Наташа еле заметно кивает. Знает. То же, что сделал бы Клинт, если бы ее не было рядом, и то же, что чуть не сделала в свое время она.
- Ты пытался себя убить. Боже... - она прячет лицо за свободной ладонью. История Баки внезапно оказалась очень знакомой, всколыхнув самые неприятные воспоминания в ее жизни. Только то, что сделал Барнс, не было его выбором - в отличие от нее.
- Да, - он кивает, слегка удивившись, - верно. Но чертова сыворотка, она и этого сделать не позволила. А повторять эксперимент, конечно, не позволит Стив, - его лицо озаряет слабая улыбка, и он становится похож на мальчишку. Наташа думает, что у Джеймса Барнса, несмотря на колоссальный груз на плечах и отсутствие памяти, удивительно светлая улыбка. Она даже завидует Стиву - немного не в её духе, но, наверное, ей бы тоже хотелось, чтобы хоть кто-то говорил о ней с таким теплом.

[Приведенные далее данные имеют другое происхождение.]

definition is_leaf :: "('e \<Rightarrow> 'v set) \<Rightarrow> 'v set \<Rightarrow> 'e set \<Rightarrow> 'v \<Rightarrow> 'e \<Rightarrow> bool" where
  "is_leaf ends V E v e \<longleftrightarrow> v \<in> V \<and> e \<in> E \<and> v \<in> ends e \<and> card (ends e) = 2 \<and>
      (\<forall>f\<in>E. v \<in> ends f \<longrightarrow> f = e)"

definition leaf_step :: "('e \<Rightarrow> 'v set) \<Rightarrow> ('v set \<times> 'e set) \<Rightarrow> ('v set \<times> 'e set) \<Rightarrow> bool" where
  "leaf_step ends G H \<longleftrightarrow>
     (\<exists>v e. is_leaf ends (fst G) (snd G) v e \<and> H = (fst G - {v}, snd G - {e}))"

definition no_leaves :: "('e \<Rightarrow> 'v set) \<Rightarrow> ('v set \<times> 'e set) \<Rightarrow> bool" where
  "no_leaves ends H \<longleftrightarrow> (\<nexists>v e. is_leaf ends (fst H) (snd H) v e)"

definition kernel :: "('e \<Rightarrow> 'v set) \<Rightarrow> 'e set \<Rightarrow> 'v set \<Rightarrow> 'v set \<times> 'e set" where
  "kernel ends E C = (THE H. (leaf_step ends)\<^sup>*\<^sup>* (C, comp_edges ends E C) H \<and> no_leaves ends H)"

definition core_edges :: "'e set \<Rightarrow> ('e \<Rightarrow> 'v set) \<Rightarrow> 'e set" where
  "core_edges E ends =
     (\<Union>C\<in>{C\<in>comps ends (verts ends E) E. Delta_comp ends E C \<ge> 1}. snd (kernel ends E C))"

end

theory Submission
  imports Defs
begin

text \<open>Write \<open>delta X = |X| - |V(X)|\<close> for an edge set \<open>X\<close>. The function \<open>delta\<close> is
  supermodular, and removing one edge lowers it by at most one; hence the circuits of \<open>M_k(G)\<close>
  are exactly the sets with \<open>delta = k\<close> all of whose proper subsets have smaller \<open>delta\<close>
  (critical sets), and a critical set can be shrunk or, using a second critical set, enlarged
  to one of \<open>delta = k\<close> while keeping a prescribed edge.

  A critical set has no leaf, so each circuit lies in the kernels of components with
  \<open>Delta \<ge> 1\<close>, i.e. in the core. Conversely, in a connected graph any subset with at least
  the full \<open>delta\<close> contains every subgraph whose leaves it covers, so a minimal such subset of a
  component is critical and contains the kernel, the largest leafless subgraph; given one
  circuit, it yields a circuit through any prescribed kernel edge. Hence the coloops are the
  non-core edges.

  Deleting an edge \<open>e\<close> only affects its component \<open>A\<close>, which becomes one or two components
  with total \<open>Delta\<close> one less. Comparing \<open>Delta\<close> of the pieces with \<open>delta\<close> of the kernel
  shows that a new tree component appears exactly when \<open>e\<close> is not a kernel edge.\<close>

section \<open>The excess \<open>delta\<close> of an edge set\<close>

definition delta :: "('e \<Rightarrow> 'v set) \<Rightarrow> 'e set \<Rightarrow> int" where
  "delta ends X = int (card X) - int (card (verts ends X))"

lemma verts_mono: "X \<subseteq> Y \<Longrightarrow> verts ends X \<subseteq> verts ends Y"
  unfolding verts_def by blast

lemma verts_Un: "verts ends (X \<union> Y) = verts ends X \<union> verts ends Y"
  unfolding verts_def by blast

lemma verts_insert: "verts ends (insert f X) = ends f \<union> verts ends X"
  unfolding verts_def by blast

lemma verts_empty [simp]: "verts ends {} = {}"
  unfolding verts_def by blast

lemma mem_verts_iff: "v \<in> verts ends X \<longleftrightarrow> (\<exists>f\<in>X. v \<in> ends f)"
  unfolding verts_def by blast

lemma delta_empty [simp]: "delta ends {} = 0"
  by (simp add: delta_def)

lemma card_Diff_insert_Suc:
  assumes "finite Y" "f \<in> Y - D"
  shows "card (Y - D) = Suc (card (Y - insert f D))"
proof -
  have "Suc (card (Y - D - {f})) = card (Y - D)" using assms by (intro card_Suc_Diff1) auto
  moreover have "Y - D - {f} = Y - insert f D" by blast
  ultimately show ?thesis by simp
qed

definition delta_critical :: "('e \<Rightarrow> 'v set) \<Rightarrow> 'e set \<Rightarrow> bool" where
  "delta_critical ends W \<longleftrightarrow> (\<forall>D. D \<subset> W \<longrightarrow> delta ends D < delta ends W)"

lemma delta_criticalD: "delta_critical ends W \<Longrightarrow> D \<subset> W \<Longrightarrow> delta ends D < delta ends W"
  unfolding delta_critical_def by blast

section \<open>Leaves and leafless edge sets\<close>

lemma is_leafD:
  "is_leaf ends V Y u f \<Longrightarrow>
     u \<in> V \<and> f \<in> Y \<and> u \<in> ends f \<and> card (ends f) = 2 \<and> (\<forall>g\<in>Y. u \<in> ends g \<longrightarrow> g = f)"
  unfolding is_leaf_def by blast

lemma is_leaf_in_verts:
  assumes "f \<in> Y" "u \<in> ends f" "card (ends f) = 2" "\<forall>g\<in>Y. u \<in> ends g \<longrightarrow> g = f"
  shows "is_leaf ends (verts ends Y) Y u f"
  using assms unfolding is_leaf_def verts_def by blast

lemma is_leaf_subset:
  assumes "is_leaf ends V Y u f" "Z \<subseteq> Y" "f \<in> Z"
  shows "is_leaf ends (verts ends Z) Z u f"
  using assms is_leaf_in_verts[of f Z u ends] unfolding is_leaf_def by blast

definition leafless :: "('e \<Rightarrow> 'v set) \<Rightarrow> 'e set \<Rightarrow> bool" where
  "leafless ends Z \<longleftrightarrow> (\<forall>u g. \<not> is_leaf ends (verts ends Z) Z u g)"

definition max_leafless :: "('e \<Rightarrow> 'v set) \<Rightarrow> 'e set \<Rightarrow> 'e set" where
  "max_leafless ends F = \<Union> {Z. Z \<subseteq> F \<and> leafless ends Z}"

lemma max_leafless_subset: "max_leafless ends F \<subseteq> F"
  unfolding max_leafless_def by blast

lemma subset_max_leafless: "Z \<subseteq> F \<Longrightarrow> leafless ends Z \<Longrightarrow> Z \<subseteq> max_leafless ends F"
  unfolding max_leafless_def by blast

lemma leafless_max_leafless: "leafless ends (max_leafless ends F)"
  unfolding leafless_def
proof (intro allI notI)
  fix u g assume leaf: "is_leaf ends (verts ends (max_leafless ends F)) (max_leafless ends F) u g"
  have "g \<in> max_leafless ends F" using is_leafD[OF leaf] by blast
  then obtain Z where Z: "Z \<subseteq> F" "leafless ends Z" "g \<in> Z" unfolding max_leafless_def by blast
  have "Z \<subseteq> max_leafless ends F" using Z(1,2) by (rule subset_max_leafless)
  with leaf have "is_leaf ends (verts ends Z) Z u g" using Z(3) by (rule is_leaf_subset)
  then show False using Z(2) by (simp add: leafless_def)
qed

lemma leafless_other_edge:
  assumes "leafless ends L" "g \<in> L" "u \<in> ends g" "card (ends g) = 2"
  obtains h where "h \<in> L" "h \<noteq> g" "u \<in> ends h"
proof -
  have "\<not> (\<forall>h\<in>L. u \<in> ends h \<longrightarrow> h = g)"
  proof
    assume "\<forall>h\<in>L. u \<in> ends h \<longrightarrow> h = g"
    with assms(2-4) have "is_leaf ends (verts ends L) L u g" by (rule is_leaf_in_verts)
    then show False using assms(1) by (simp add: leafless_def)
  qed
  then obtain h where "h \<in> L" "h \<noteq> g" "u \<in> ends h" by blast
  then show thesis by (rule that)
qed

section \<open>Connectivity and components\<close>

text \<open>Connectivity of \<open>G\<langle>Y\<rangle>\<close> without paths: every proper nonempty part of \<open>Y\<close> meets another
  edge of \<open>Y\<close> in a vertex.\<close>
definition connected_edges :: "('e \<Rightarrow> 'v set) \<Rightarrow> 'e set \<Rightarrow> bool" where
  "connected_edges ends Y \<longleftrightarrow>
     (\<forall>D. D \<noteq> {} \<longrightarrow> D \<subset> Y \<longrightarrow> (\<exists>f\<in>Y - D. ends f \<inter> verts ends D \<noteq> {}))"

lemma connected_edgesD:
  "connected_edges ends Y \<Longrightarrow> D \<noteq> {} \<Longrightarrow> D \<subset> Y \<Longrightarrow> \<exists>f\<in>Y - D. ends f \<inter> verts ends D \<noteq> {}"
  unfolding connected_edges_def by blast

lemma adjI: "g \<in> F \<Longrightarrow> u \<in> ends g \<Longrightarrow> w \<in> ends g \<Longrightarrow> (u, w) \<in> adj ends F"
  unfolding adj_def by blast

lemma adjD: "(u, w) \<in> adj ends F \<Longrightarrow> \<exists>g\<in>F. u \<in> ends g \<and> w \<in> ends g"
  unfolding adj_def by blast

lemma adj_mono: "F \<subseteq> F' \<Longrightarrow> adj ends F \<subseteq> adj ends F'"
  unfolding adj_def by blast

lemma sym_adj: "sym (adj ends F)"
  unfolding adj_def sym_def by blast

lemma rtrancl_adj_closed:
  assumes "(x, z) \<in> (adj ends F)\<^sup>*" "x \<in> S"
    and closed: "\<And>g y. g \<in> F \<Longrightarrow> y \<in> ends g \<Longrightarrow> y \<in> S \<Longrightarrow> ends g \<subseteq> S"
  shows "z \<in> S"
  using assms(1)
proof (induction rule: rtrancl_induct)
  case base
  show ?case by (fact assms(2))
next
  case (step y z)
  then obtain g where "g \<in> F" "y \<in> ends g" "z \<in> ends g" using adjD[OF step(2)] by blast
  then show ?case using closed step(3) by blast
qed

- Он тебя однажды уже терял.
- Примерно то же самое он сказал мне, когда я всё-таки набрался смелости ему рассказать. Мне пришлось пообещать, что больше я никуда не денусь.
- Опрометчиво, Барнс. Не с нашей работой давать такие обещания.
- Я не оставлю его. Больше не оставлю. Все разы, что я его оставлял, с ним обязательно что-то случалось. То он пошёл в армию, то подружился с сыном Говарда Старка и вместе они спасали планету, а потом вообще выяснилось, что я едва не убил его, - тут Барнс мрачнеет и явно вспоминает, с чего начался этот разговор. Помолчав, он добавляет:
- Я помню почти всех, кого я убил.
- Почти? Как много тебе пришлось забыть? - Наташу действительно интересует этот вопрос.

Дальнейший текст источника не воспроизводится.